CAPITOL JANUARY 6 – REICHSBÜRGER TAG X
Written on 6. January 2023
Today, two years ago, my phone was buzzing with messages and photos from Capitol Hill in Washington, D.C. People asked me: “Did you see that coming?” I was puzzled because I had captured the aesthetics of the Capitol stormers in my installation Das Reich from 2017 about the German “Reichsbürger movement”. Until last year, I had never been to the U.S.
In my installation, composed of furniture, objects and video, I found a visual language to speak about the self-proclaimed “Reichsbürger” (citizens of the German Reich), who deny the legitimacy of the Federal Republic of Germany. They claim that the German Reich is still in power. I created the dystopian vision that the “Reichsbürger” had taken over the Kronprinzenpalais Unter den Linden in Berlin, and installed an emergency Reich government using furniture, arranged in a cultic formation resembling Stonehenge.
During the Capitol January 6 insurrection in 2021 I thought a lot about this work. Not only because the aesthetics of the attackers in Washington matched the installation in detail, but because of the question of dealing with a political movement whose aesthetics could be considered “weird”. What I realized is that it is challenging to convince people about the danger of people and movements, when their self-staging seems weird, funny and laughable. In the case of the “Reichsbürger”, it is a racist, white-supremacist and violent hate-movement of conspiracy believers, that during the pandemic, gained more and more supporters throughout Germany. Don’t be fooled by the aesthetics.
In September 2022 I opened my show Re-Education at the SculptureCenter in New York. I transferred my practice from the German to the US context. Firstly, because I felt my work dealing with the ”Reichsbürger” movement in Germany could pave a new way of speaking about what happened on January 6 in Washington in an artistic language. Secondly, I was wondering how a critical artistic practice can deal with the Trump presidency and its implications on politics and society.

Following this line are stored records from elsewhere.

section \<open>The Laplace integral\<close>

lemma half_gauss_moment_eq_pc_moment_0_1:
  assumes "\<beta> > (0::real)"
  shows "2 powr (\<beta> / 2 - 1) * Gamma (\<beta> / 2) = Gamma \<beta> * pc_moment \<beta> 0"
    and "2 powr ((\<beta> + 1) / 2 - 1) * Gamma ((\<beta> + 1) / 2) = Gamma \<beta> * pc_moment \<beta> 1"
proof -
  have duplication: "Gamma (\<beta> / 2) * Gamma ((\<beta> + 1) / 2) = 2 powr (1 - \<beta>) * sqrt pi * Gamma \<beta>"
    using Gamma_legendre_duplication_real[of "\<beta> / 2"] assms by (simp add: add_divide_distrib)
  have "2 powr (\<beta> / 2 - 1) * Gamma (\<beta> / 2) * (Gamma ((\<beta> + 1) / 2) * 2 powr (\<beta> / 2))
      = (2 powr (\<beta> / 2 - 1) * 2 powr (\<beta> / 2) * 2 powr (1 - \<beta>)) * sqrt pi * Gamma \<beta>"
    (is "?lhs = _")
    using duplication by (simp add: mult_ac)
  also have "2 powr (\<beta> / 2 - 1) * 2 powr (\<beta> / 2) * 2 powr (1 - \<beta>) = (1::real)"
    by (simp add: powr_add[symmetric])
  finally have "?lhs = sqrt pi * Gamma \<beta>" by simp
  moreover have "Gamma ((\<beta> + 1) / 2) > 0"
    using assms by simp
  ultimately show "2 powr (\<beta> / 2 - 1) * Gamma (\<beta> / 2) = Gamma \<beta> * pc_moment \<beta> 0"
    by (simp add: rGamma_inverse_Gamma field_simps)
  have "2 powr ((\<beta> + 1) / 2 - 1) * Gamma ((\<beta> + 1) / 2) * (Gamma (\<beta> / 2) * 2 powr (\<beta> / 2 - 1 / 2))
      = (2 powr ((\<beta> + 1) / 2 - 1) * 2 powr (\<beta> / 2 - 1 / 2) * 2 powr (1 - \<beta>)) * sqrt pi * Gamma \<beta>"
    (is "?lhs = _")
    using duplication by (simp add: mult_ac)
  also have "2 powr ((\<beta> + 1) / 2 - 1) * 2 powr (\<beta> / 2 - 1 / 2) * 2 powr (1 - \<beta>) = (1::real)"
    by (simp add: powr_add[symmetric] field_simps)
  finally have "?lhs = sqrt pi * Gamma \<beta>" by simp
  moreover have "Gamma (\<beta> / 2) > 0"
    using assms by simp
  ultimately show "2 powr ((\<beta> + 1) / 2 - 1) * Gamma ((\<beta> + 1) / 2) = Gamma \<beta> * pc_moment \<beta> 1"
    by (simp add: rGamma_inverse_Gamma field_simps)
qed

lemma half_gauss_moment_eq_pc_moment:
  assumes "\<beta> > (0::real)"
  shows "2 powr ((\<beta> + real k) / 2 - 1) * Gamma ((\<beta> + real k) / 2) = Gamma \<beta> * pc_moment \<beta> k"
  using assms
proof (induction \<beta> k rule: pc_moment.induct)
  case (1 \<beta>)
  then show ?case using half_gauss_moment_eq_pc_moment_0_1(1) by simp
next
  case (2 \<beta>)
  then show ?case using half_gauss_moment_eq_pc_moment_0_1(2) by simp
next
  case (3 \<beta> k)
  define \<gamma> where "\<gamma> = (\<beta> + real k) / 2"
  have "\<gamma> > 0" using 3 by (simp add: \<gamma>_def)
  then have Gamma_succ: "Gamma (\<gamma> + 1) = \<gamma> * Gamma \<gamma>"
    by (intro Gamma_plus1) (auto dest: nonpos_Ints_nonpos)
  have half_succ: "(\<beta> + real (Suc (Suc k))) / 2 = \<gamma> + 1"
    by (simp add: \<gamma>_def field_simps)
  have "2 powr ((\<beta> + real (Suc (Suc k))) / 2 - 1) * Gamma ((\<beta> + real (Suc (Suc k))) / 2)
      = 2 * \<gamma> * (2 powr (\<gamma> - 1) * Gamma \<gamma>)"
    unfolding half_succ by (simp add: Gamma_succ powr_diff)
  also have "\<dots> = Gamma \<beta> * pc_moment \<beta> (Suc (Suc k))"
    using 3(1)[OF 3(2)] by (simp add: \<gamma>_def)
  finally show ?case .
qed

lemma pc_moment_pos:
  assumes "\<beta> > (0::real)"
  shows "pc_moment \<beta> k > 0"
proof -
  have "Gamma \<beta> * pc_moment \<beta> k > 0"
    unfolding half_gauss_moment_eq_pc_moment[OF assms, symmetric] using assms by simp
  then show ?thesis
    using Gamma_real_pos[OF assms] zero_less_mult_pos by blast
qed

lemma has_bochner_integral_pc_moment:
  assumes "\<beta> > (0::real)"
  shows "has_bochner_integral lborel
           (\<lambda>s. indicator {0<..} s * (s powr (\<beta> - 1) * exp (- (s^2) / 2)) * s^k)
           (Gamma \<beta> * pc_moment \<beta> k)"
proof -
  have kernel: "(\<lambda>s. indicator {0<..} s * (s powr (\<beta> + real k - 1) * exp (- (s^2) / 2)))
      = (\<lambda>s. indicator {0<..} s * (s powr (\<beta> - 1) * exp (- (s^2) / 2)) * s^k)"
  proof
    fix s :: real
    show "indicator {0<..} s * (s powr (\<beta> + real k - 1) * exp (- (s^2) / 2))
        = indicator {0<..} s * (s powr (\<beta> - 1) * exp (- (s^2) / 2)) * s^k"
    proof (cases "s > 0")
      case True
      then have "s powr (\<beta> + real k - 1) = s powr (\<beta> - 1) * s^k"
        by (simp add: powr_add[symmetric] powr_realpow[symmetric] algebra_simps)
      then show ?thesis by simp
    qed simp
  qed
  have "has_bochner_integral lborel
      (\<lambda>s. indicator {0<..} s * (s powr (\<beta> + real k - 1) * exp (- (s^2) / 2)))
      (Gamma \<beta> * pc_moment \<beta> k)"
    using has_bochner_integral_half_gauss_moment[of "\<beta> + real k"] assms
    by (simp add: half_gauss_moment_eq_pc_moment[OF assms])
  then show ?thesis
    by (simp only: kernel)
qed

lemma has_bochner_integral_pc_series:
  assumes "\<beta> > (0::real)"
  shows "has_bochner_integral lborel
           (\<lambda>s. indicator {0<..} s * (s powr (\<beta> - 1) * exp (- (s^2) / 2) * exp (- z * s)))
           (Gamma \<beta> * pc_series \<beta> z)"
proof -
  define K where "K s = indicator {0<..} s * (s powr (\<beta> - 1) * exp (- (s^2) / 2))" for s :: real
  define f where "f k s = (- z)^k / fact k * (K s * s^k)" for k s
  have f: "has_bochner_integral lborel (f k) (Gamma \<beta> * (pc_coeff \<beta> k * z^k))" for k
  proof -
    have "(- z)^k / fact k * (Gamma \<beta> * pc_moment \<beta> k) = Gamma \<beta> * (pc_coeff \<beta> k * z^k)"
      unfolding power_minus[of z k] pc_coeff_def by simp
    with has_bochner_integral_mult_right[OF has_bochner_integral_pc_moment[OF assms, folded K_def]]
    show ?thesis
      unfolding f_def by metis
  qed
  have "has_bochner_integral lborel (\<lambda>s. norm (f k s)) (Gamma \<beta> * \<bar>pc_coeff \<beta> k * z^k\<bar>)" for k
  proof -
    have "norm (f k s) = \<bar>z\<bar>^k / fact k * (K s * s^k)" for s
      by (cases "s > 0") (simp_all add: f_def K_def abs_mult power_abs)
    moreover have "\<bar>z\<bar>^k / fact k * (Gamma \<beta> * pc_moment \<beta> k) = Gamma \<beta> * \<bar>pc_coeff \<beta> k * z^k\<bar>"
      using pc_moment_pos[OF assms, of k] by (simp add: pc_coeff_def abs_mult power_abs)
    ultimately show ?thesis
      using has_bochner_integral_mult_right[OF has_bochner_integral_pc_moment[OF assms, of k, folded K_def],
          of "\<bar>z\<bar>^k / fact k"]
      by simp
  qed
  then have "(\<integral>s. norm (f k s) \<partial>lborel) = Gamma \<beta> * \<bar>pc_coeff \<beta> k * z^k\<bar>" for k
    by (rule has_bochner_integral_integral_eq)
  then have norm_summable: "summable (\<lambda>k. \<integral>s. norm (f k s) \<partial>lborel)"
    by (simp add: summable_abs_pc_coeff)
  have f_exp: "f k s = K s * ((- z * s)^k / fact k)" for k s
    using power_mult_distrib[of "- z" s k] by (simp add: f_def)
  have "(\<lambda>k. f k s) sums (K s * exp (- z * s))" for s
    unfolding f_exp using exp_converges[of "- z * s"] by (intro sums_mult) (simp add: field_simps)
  moreover have "summable (\<lambda>k. norm (f k s))" for s
    unfolding f_exp norm_mult
    using summable_exp[of "\<bar>z * s\<bar>"]
    by (intro summable_mult) (simp add: power_abs abs_mult divide_inverse mult.commute)
  ultimately have "has_bochner_integral lborel (\<lambda>s. K s * exp (- z * s))
      (\<Sum>k. Gamma \<beta> * (pc_coeff \<beta> k * z^k))"
    by (rule has_bochner_integral_suminf[OF f _ _ norm_summable])
  then show ?thesis
    using sums_unique[OF sums_mult[OF pc_series_sums, of "Gamma \<beta>"]] by (simp add: K_def mult_ac)
qed

lemma has_bochner_integral_pcPhi:
  assumes "\<beta> > (0::real)"
  shows "has_bochner_integral lborel
           (\<lambda>s. indicator {0<..} s * (s powr (\<beta> - 1) * exp (- ((z + s)^2) / 2)))
           (Gamma \<beta> * pcPhi \<beta> z)"
proof -
  have "exp (- ((z + s)^2) / 2) = exp (- (z^2) / 2) * (exp (- (s^2) / 2) * exp (- z * s))" for s
    by (simp add: exp_add[symmetric] power2_eq_square field_simps)
  then show ?thesis
    using has_bochner_integral_mult_right[OF has_bochner_integral_pc_series[OF assms, of z],
        of "exp (- (z^2) / 2)"]
    by (simp add: pcPhi_def mult_ac)
qed

section \<open>Liouville operators applied to a Gaussian\<close>

lemma liouville_int_minus_gauss:
  assumes "\<beta> > 0" and "t > 0"
  shows "liouville_int_minus \<beta> (\<lambda>y. exp (- (y^2) / (2 * t))) x = t powr (\<beta> / 2) * pcPhi \<beta> (x / sqrt t)"
proof -
  define r where "r = sqrt t"
  define z where "z = x / r"
  have "r > 0" "t = r^2" "x = r * z"
    using assms by (simp_all add: r_def z_def)
  define F where "F y = indicator {x<..} y * ((y - x) powr (\<beta> - 1) * exp (- (y^2) / (2 * t)))" for y
  have F_affine: "F (x + r * s) =
      r powr (\<beta> - 1) * (indicator {0<..} s * (s powr (\<beta> - 1) * exp (- ((z + s)^2) / 2)))" for s
  proof (cases "s > 0")
    case True
    have "(x + r * s - x) powr (\<beta> - 1) = r powr (\<beta> - 1) * s powr (\<beta> - 1)"
      using True \<open>r > 0\<close> by (simp add: powr_mult)
    moreover have "(x + r * s)^2 / (2 * t) = (z + s)^2 / 2"
      using \<open>r > 0\<close> unfolding \<open>t = r^2\<close> \<open>x = r * z\<close> by (simp add: power2_eq_square field_simps)
    ultimately show ?thesis
      using True \<open>r > 0\<close> by (simp add: F_def)
  qed (use \<open>r > 0\<close> in \<open>simp add: F_def zero_less_mult_iff\<close>)
  have "(LBINT y:{x<..}. (y - x) powr (\<beta> - 1) * exp (- (y^2) / (2 * t))) = integral\<^sup>L lborel F"
    by (simp add: set_lebesgue_integral_def F_def[abs_def])
  also have "\<dots> = r * integral\<^sup>L lborel (\<lambda>s. F (x + r * s))"
    using lborel_integral_real_affine[of r F x] \<open>r > 0\<close> by simp
  also have "\<dots> = r * r powr (\<beta> - 1) * (Gamma \<beta> * pcPhi \<beta> z)"
    unfolding F_affine using has_bochner_integral_pcPhi[OF assms(1), of z]
    by (simp add: has_bochner_integral_integral_eq)
  also have "r * r powr (\<beta> - 1) = t powr (\<beta> / 2)"
  proof -
    have "r * r powr (\<beta> - 1) = r powr \<beta>"
      using \<open>r > 0\<close> by (simp add: powr_mult_base)
    also have "\<dots> = t powr (\<beta> / 2)"
      using assms(2) by (simp add: r_def powr_half_sqrt[symmetric] powr_powr)
    finally show ?thesis .
  qed
  finally show ?thesis
    using Gamma_real_pos[OF assms(1)] by (simp add: liouville_int_minus_def z_def r_def)
qed

lemma higher_deriv_pcPhi_scaled:
  "(deriv ^^ j) (\<lambda>x. C * pcPhi \<gamma> (x / r)) = (\<lambda>x. (-1)^j * C / r^j * pcPhi (\<gamma> - real j) (x / r))"
proof (induction j)
  case (Suc j)
  have "((\<lambda>x. (-1)^j * C / r^j * pcPhi (\<gamma> - real j) (x / r)) has_real_derivative
      (-1)^j * C / r^j * (- pcPhi (\<gamma> - real j - 1) (x / r) * (1 / r))) (at x)" for x
    by (intro DERIV_cmult DERIV_chain2[OF pcPhi_has_derivative] DERIV_cdivide DERIV_ident)
  then have "deriv (\<lambda>x. (-1)^j * C / r^j * pcPhi (\<gamma> - real j) (x / r))
      = (\<lambda>x. (-1)^Suc j * C / r^Suc j * pcPhi (\<gamma> - real (Suc j)) (x / r))"
    by (intro ext DERIV_imp_deriv) (simp add: diff_diff_add field_simps)
  with Suc.IH show ?case
    by simp
qed simp

lemma liouville_deriv_minus_gauss:
  assumes "t > 0"
  shows "liouville_deriv_minus \<alpha> (\<lambda>y. exp (- (y^2) / (2 * t))) x
           = t powr (- \<alpha> / 2) * pcPhi (- \<alpha>) (x / sqrt t)"
proof -
  have sqrt_power: "sqrt t ^ n = t powr (real n / 2)" for n
    using assms by (simp add: powr_half_sqrt[symmetric] powr_realpow[symmetric] powr_powr)
  have sign: "(-1::real)^n * (-1)^n = 1" for n
    by (simp add: power_mult_distrib[symmetric])
  show ?thesis
  proof (cases "\<alpha> \<in> \<nat>")
    case True
    then obtain n where n: "\<alpha> = real n"
      by (auto elim!: Nats_cases)
    have gauss: "(\<lambda>y. exp (- (y^2) / (2 * t))) = (\<lambda>y. 1 * pcPhi 0 (y / sqrt t))"
      using assms by (simp add: pcPhi_0 power_divide ac_simps)
    have "liouville_deriv_minus \<alpha> (\<lambda>y. exp (- (y^2) / (2 * t))) x
        = ((-1)^n * (-1)^n) / sqrt t ^ n * pcPhi (- real n) (x / sqrt t)"
      using True unfolding liouville_deriv_minus_def n gauss higher_deriv_pcPhi_scaled by simp
    then show ?thesis
      by (simp add: sign sqrt_power n powr_minus_divide)
  next
    case False
    define m where "m = nat \<lfloor>\<alpha>\<rfloor> + 1"
    have "real m - \<alpha> > 0"
      unfolding m_def by linarith
    from liouville_int_minus_gauss[OF this assms]
    have integral: "liouville_int_minus (real m - \<alpha>) (\<lambda>y. exp (- (y^2) / (2 * t)))
        = (\<lambda>x. t powr ((real m - \<alpha>) / 2) * pcPhi (real m - \<alpha>) (x / sqrt t))"
      by blast
    have "liouville_deriv_minus \<alpha> (\<lambda>y. exp (- (y^2) / (2 * t))) x
        = ((-1)^m * (-1)^m) * (t powr ((real m - \<alpha>) / 2) / sqrt t ^ m)
            * pcPhi (real m - \<alpha> - real m) (x / sqrt t)"
      using False unfolding liouville_deriv_minus_def Let_def m_def[symmetric] integral
        higher_deriv_pcPhi_scaled by simp
    also have "t powr ((real m - \<alpha>) / 2) / sqrt t ^ m = t powr (- \<alpha> / 2)"
      by (simp add: sqrt_power powr_diff[symmetric] diff_divide_distrib)
    finally show ?thesis
      by (simp add: sign)
  qed
qed
lemma slice_moment_le_projection:
  assumes "0 \<le> l" "finite A" "finite B" "B \<noteq> {}" "s \<in> S"
    and "\<And>g. g \<in> B \<Longrightarrow> \<exists>s'\<in>S. g(n := s') \<in> A"
  shows "(\<Sum>f\<in>{..<n} \<rightarrow>\<^sub>E S. exp (l * set_dist c (Suc n) (f(n := s)) A))
    \<le> exp l * exp_moment c S n l B"
proof -
  have "set_dist c (Suc n) (f(n := s)) A \<le> set_dist c n f B + 1" for f
  proof -
    obtain g where g: "g \<in> B" "set_dist c n f B = sum_dist c n f g"
      using set_dist_attained[OF assms(3,4)] .
    then obtain s' where s': "s' \<in> S" "g(n := s') \<in> A"
      using assms(6) by blast
    have "set_dist c (Suc n) (f(n := s)) A \<le> sum_dist c (Suc n) (f(n := s)) (g(n := s'))"
      using assms(2) s'(2) by (rule set_dist_le)
    also have "\<dots> \<le> set_dist c n f B + 1"
      using g cost_le_1[OF assms(5) s'(1)] by (simp add: sum_dist_fun_upd)
    finally show ?thesis .
  qed
  then have "(\<Sum>f\<in>{..<n} \<rightarrow>\<^sub>E S. exp (l * set_dist c (Suc n) (f(n := s)) A))
      \<le> (\<Sum>f\<in>{..<n} \<rightarrow>\<^sub>E S. exp (l * (set_dist c n f B + 1)))"
    using assms(1) by (intro sum_mono) (simp add: mult_left_mono)
  also have "\<dots> = exp l * exp_moment c S n l B"
    unfolding exp_moment_def sum_distrib_left by (simp add: algebra_simps exp_add)
  finally show ?thesis .
qed
lemma tilted_sum_lipschitz:
  fixes f :: "'a::real_inner \<Rightarrow> real"
  assumes "\<bar>c\<bar> \<le> R" "\<bar>c'\<bar> \<le> R"
  shows "\<bar>tilted_sum x L (c *\<^sub>R \<mu>) f - tilted_sum x L (c' *\<^sub>R \<mu>) f\<bar>
    \<le> \<bar>c - c'\<bar> * (\<Sum>k\<in>{1..L}. lipschitz_weight \<mu> R f (x k))"
proof -
  have "\<bar>tilted_sum x L (c *\<^sub>R \<mu>) f - tilted_sum x L (c' *\<^sub>R \<mu>) f\<bar>
      = \<bar>\<Sum>k\<in>{1..L}. (exp (c * (x k \<bullet> \<mu>)) - exp (c' * (x k \<bullet> \<mu>))) * f (x k)\<bar>"
    unfolding tilted_sum_def by (simp add: sum_subtractf[symmetric] left_diff_distrib)
  also have "\<dots> \<le> (\<Sum>k\<in>{1..L}. \<bar>c - c'\<bar> * lipschitz_weight \<mu> R f (x k))"
  proof (intro order_trans[OF sum_abs] sum_mono)
    fix k
    have "\<bar>exp (c * (x k \<bullet> \<mu>)) - exp (c' * (x k \<bullet> \<mu>))\<bar> * \<bar>f (x k)\<bar>
        \<le> (\<bar>c - c'\<bar> * (\<bar>x k \<bullet> \<mu>\<bar> * exp (R * \<bar>x k \<bullet> \<mu>\<bar>))) * \<bar>f (x k)\<bar>"
      by (rule mult_right_mono[OF abs_exp_scaled_diff_le[OF assms]]) simp
    then show "\<bar>(exp (c * (x k \<bullet> \<mu>)) - exp (c' * (x k \<bullet> \<mu>))) * f (x k)\<bar>
        \<le> \<bar>c - c'\<bar> * lipschitz_weight \<mu> R f (x k)"
      by (simp add: lipschitz_weight_def abs_mult mult_ac)
  qed
  finally show ?thesis by (simp add: sum_distrib_left)
qed

lemma tilted_sum_lincomb:
  fixes f :: "'i \<Rightarrow> 'a::real_inner \<Rightarrow> real"
  shows "finite I \<Longrightarrow> tilted_sum x L \<theta> (\<lambda>y. \<Sum>i\<in>I. r i * f i y) = (\<Sum>i\<in>I. r i * tilted_sum x L \<theta> (f i))"
  unfolding tilted_sum_def by (simp add: sum_distrib_left sum.swap[of _ I] mult_ac)

lemma emp_tilted_mean_lincomb:
  fixes f :: "'i \<Rightarrow> 'a::real_inner \<Rightarrow> real"
  shows "finite I \<Longrightarrow> emp_tilted_mean x L \<theta> (\<lambda>y. \<Sum>i\<in>I. r i * f i y) = (\<Sum>i\<in>I. r i * emp_tilted_mean x L \<theta> (f i))"
  unfolding emp_tilted_mean_def by (simp add: tilted_sum_lincomb sum_divide_distrib)

lemma exp_bounded_lipschitz_weight:
  fixes \<mu> :: "'a::real_inner"
  assumes "exp_bounded f" "0 \<le> R"
  shows "exp_bounded (lipschitz_weight \<mu> R f)"
proof -
  have "lipschitz_weight \<mu> R f = (\<lambda>y. \<bar>f y\<bar> * (\<bar>y \<bullet> \<mu>\<bar> * exp \<bar>y \<bullet> (R *\<^sub>R \<mu>)\<bar>))"
    using assms(2) by (auto simp: lipschitz_weight_def abs_mult)
  then show ?thesis using assms(1) by (simp only:) (intro exp_bounded_intros)
qed

lemma lipschitz_weight_measurable [measurable]:
  fixes \<mu> :: "'a::euclidean_space"
  assumes [measurable]: "f \<in> borel_measurable borel"
  shows "lipschitz_weight \<mu> R f \<in> borel_measurable borel"
  unfolding lipschitz_weight_def[abs_def] by measurable

context centered_gaussian
begin

lemma tilted_integral_lipschitz:
  assumes "exp_bounded f" and [measurable]: "f \<in> borel_measurable borel"
    and "\<bar>c\<bar> \<le> R" "\<bar>c'\<bar> \<le> R"
  shows "\<bar>(\<integral>x. dens x * (exp (x \<bullet> (c *\<^sub>R \<mu>)) * f x) \<partial>lborel) - (\<integral>x. dens x * (exp (x \<bullet> (c' *\<^sub>R \<mu>)) * f x) \<partial>lborel)\<bar>
    \<le> \<bar>c - c'\<bar> * (\<integral>x. dens x * lipschitz_weight \<mu> R f x \<partial>lborel)"
proof -
  have "0 \<le> R" using assms(3) by linarith
  have int: "integrable lborel (\<lambda>x. dens x * (exp (x \<bullet> (t *\<^sub>R \<mu>)) * f x))" for t
    using assms(1) by (intro integrable_dens_mult exp_bounded_intros) measurable
  have int_weight: "integrable lborel (\<lambda>x. dens x * lipschitz_weight \<mu> R f x)"
    by (intro integrable_dens_mult exp_bounded_lipschitz_weight assms(1) \<open>0 \<le> R\<close>) measurable
  have "\<bar>(\<integral>x. dens x * (exp (x \<bullet> (c *\<^sub>R \<mu>)) * f x) \<partial>lborel) - (\<integral>x. dens x * (exp (x \<bullet> (c' *\<^sub>R \<mu>)) * f x) \<partial>lborel)\<bar>
      = \<bar>\<integral>x. dens x * ((exp (c * (x \<bullet> \<mu>)) - exp (c' * (x \<bullet> \<mu>))) * f x) \<partial>lborel\<bar>"
    using int[of c] int[of c'] by (simp add: algebra_simps)
  also have "\<dots> \<le> (\<integral>x. \<bar>c - c'\<bar> * (dens x * lipschitz_weight \<mu> R f x) \<partial>lborel)"
  proof (rule integral_abs_bound[THEN order_trans], rule integral_mono)
    show "integrable lborel (\<lambda>x. \<bar>dens x * ((exp (c * (x \<bullet> \<mu>)) - exp (c' * (x \<bullet> \<mu>))) * f x)\<bar>)"
      using int[of c] int[of c'] by (intro integrable_abs) (simp add: algebra_simps)
    show "integrable lborel (\<lambda>x. \<bar>c - c'\<bar> * (dens x * lipschitz_weight \<mu> R f x))"
      using int_weight by simp
    fix x
    have "\<bar>exp (c * (x \<bullet> \<mu>)) - exp (c' * (x \<bullet> \<mu>))\<bar> * \<bar>f x\<bar>
        \<le> (\<bar>c - c'\<bar> * (\<bar>x \<bullet> \<mu>\<bar> * exp (R * \<bar>x \<bullet> \<mu>\<bar>))) * \<bar>f x\<bar>"
      by (rule mult_right_mono[OF abs_exp_scaled_diff_le[OF assms(3,4)]]) simp
    then show "\<bar>dens x * ((exp (c * (x \<bullet> \<mu>)) - exp (c' * (x \<bullet> \<mu>))) * f x)\<bar>
        \<le> \<bar>c - c'\<bar> * (dens x * lipschitz_weight \<mu> R f x)"
      using dens_nonneg[of x] mult_left_mono
      by (fastforce simp: lipschitz_weight_def abs_mult mult_ac)
  qed
  finally show ?thesis by simp
qed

A central work of the show, Rustic Traditions, looks at the role that furniture played during the storm on the Capitol. Furniture was used as weapons and to break in, but congresspeople also used them to barricade themselves inside their offices or hid underneath their desks, using them as shelters. One rioter put his feet on a desk in Nancy Pelosi’s office, symbolically claiming power. The urgency of the show – connecting the far-right conspiracy scenes in Germany with those in the US – came again to the forefront when a actual plot to overthrow the German government in order to install a new “Reich” was uncovered in Germany last month.
After 10 years of researching the “Reichsbürger” movement, and after looking closely at the January 6 events in Washington, what is my resolution for the new year 2023? We need to take people wearing viking horns and carrying rustic weapons seriously. If we continue the discussion about whether they pose a threat or not, they will take over the government buildings and institutions for good. And then it will be too late.